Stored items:
^^^^^^^^^^^^^^^^
lemma congruence_entry:
  "(transpose A ** M ** A) $ j $ k = (A *v axis j 1) \<bullet> (M *v (A *v axis k 1))"
  for A M :: "real^'m^'m"
proof -
  have "(transpose A ** M ** A) $ j $ k = axis j 1 \<bullet> (transpose A *v (M *v (A *v axis k 1)))"
    using matrix_vector_mult_axis_nth[of "transpose A ** M ** A" k j]
    by (simp add: matrix_vector_mul_assoc matrix_mul_assoc inner_axis')
  also have "\<dots> = (axis j 1 v* transpose A) \<bullet> (M *v (A *v axis k 1))"
    by (rule dot_lmul_matrix[symmetric])
  finally show ?thesis
    by (simp only: vector_transpose_matrix)
qed

lemma inner_matrix_mult_left: "((A::real^'n^'m) ** (B::real^'p^'n)) \<bullet> C = B \<bullet> (transpose A ** C)"
proof -
  have "(A ** B) \<bullet> C = (\<Sum>i\<in>UNIV. \<Sum>j\<in>UNIV. \<Sum>k\<in>UNIV. A$i$k * B$k$j * C$i$j)"
    by (simp add: inner_vec_def matrix_matrix_mult_def sum_distrib_right)
  also have "\<dots> = (\<Sum>i\<in>UNIV. \<Sum>k\<in>UNIV. \<Sum>j\<in>UNIV. A$i$k * B$k$j * C$i$j)"
    by (rule sum.cong[OF refl]) (rule sum.swap)
  also have "\<dots> = (\<Sum>k\<in>UNIV. \<Sum>i\<in>UNIV. \<Sum>j\<in>UNIV. A$i$k * B$k$j * C$i$j)"
    by (rule sum.swap)
  also have "\<dots> = (\<Sum>k\<in>UNIV. \<Sum>j\<in>UNIV. \<Sum>i\<in>UNIV. A$i$k * B$k$j * C$i$j)"
    by (rule sum.cong[OF refl]) (rule sum.swap)
  also have "\<dots> = B \<bullet> (transpose A ** C)"
    by (simp add: inner_vec_def matrix_matrix_mult_def transpose_def sum_distrib_left mult_ac)
  finally show ?thesis .
qed

lemma inner_matrix_mult_right: "((A::real^'n^'m) ** (B::real^'p^'n)) \<bullet> C = A \<bullet> (C ** transpose B)"
proof -
  have "(A ** B) \<bullet> C = (\<Sum>i\<in>UNIV. \<Sum>j\<in>UNIV. \<Sum>k\<in>UNIV. A$i$k * B$k$j * C$i$j)"
    by (simp add: inner_vec_def matrix_matrix_mult_def sum_distrib_right)
  also have "\<dots> = (\<Sum>i\<in>UNIV. \<Sum>k\<in>UNIV. \<Sum>j\<in>UNIV. A$i$k * B$k$j * C$i$j)"
    by (rule sum.cong[OF refl]) (rule sum.swap)
  also have "\<dots> = A \<bullet> (C ** transpose B)"
    by (simp add: inner_vec_def matrix_matrix_mult_def transpose_def sum_distrib_left mult_ac)
  finally show ?thesis .
qed

lemma inner_congruence: "((A::real^'n^'m) ** B ** transpose A) \<bullet> M = B \<bullet> (transpose A ** M ** A)"
proof -
  have "(A ** B ** transpose A) \<bullet> M = (A ** B) \<bullet> (M ** A)"
    using inner_matrix_mult_right[of "A ** B" "transpose A" M] by simp
  also have "\<dots> = B \<bullet> (transpose A ** (M ** A))"
    by (rule inner_matrix_mult_left)
  finally show ?thesis
    by (simp add: matrix_mul_assoc)
qed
^^^^^^^^^^^^^^^^
• [WHAT THIS TASK INVOLVES]: Starting at the first line of the data above, retype each line exactly until you reach the line containing "C = B \<bullet>", and include that line too.

• [RESPONSE AREA]:
lemma congruence_entry:
  "(transpose A ** M ** A) $ j $ k = (A *v axis j 1) \<bullet> (M *v (A *v axis k 1))"
  for A M :: "real^'m^'m"
proof -
  have "(transpose A ** M ** A) $ j $ k = axis j 1 \<bullet> (transpose A *v (M *v (A *v axis k 1)))"
    using matrix_vector_mult_axis_nth[of "transpose A ** M ** A" k j]
    by (simp add: matrix_vector_mul_assoc matrix_mul_assoc inner_axis')
  also have "\<dots> = (axis j 1 v* transpose A) \<bullet> (M *v (A *v axis k 1))"
    by (rule dot_lmul_matrix[symmetric])
  finally show ?thesis
    by (simp only: vector_transpose_matrix)
qed

lemma inner_matrix_mult_left: "((A::real^'n^'m) ** (B::real^'p^'n)) \<bullet> C = B \<bullet> (transpose A ** C)"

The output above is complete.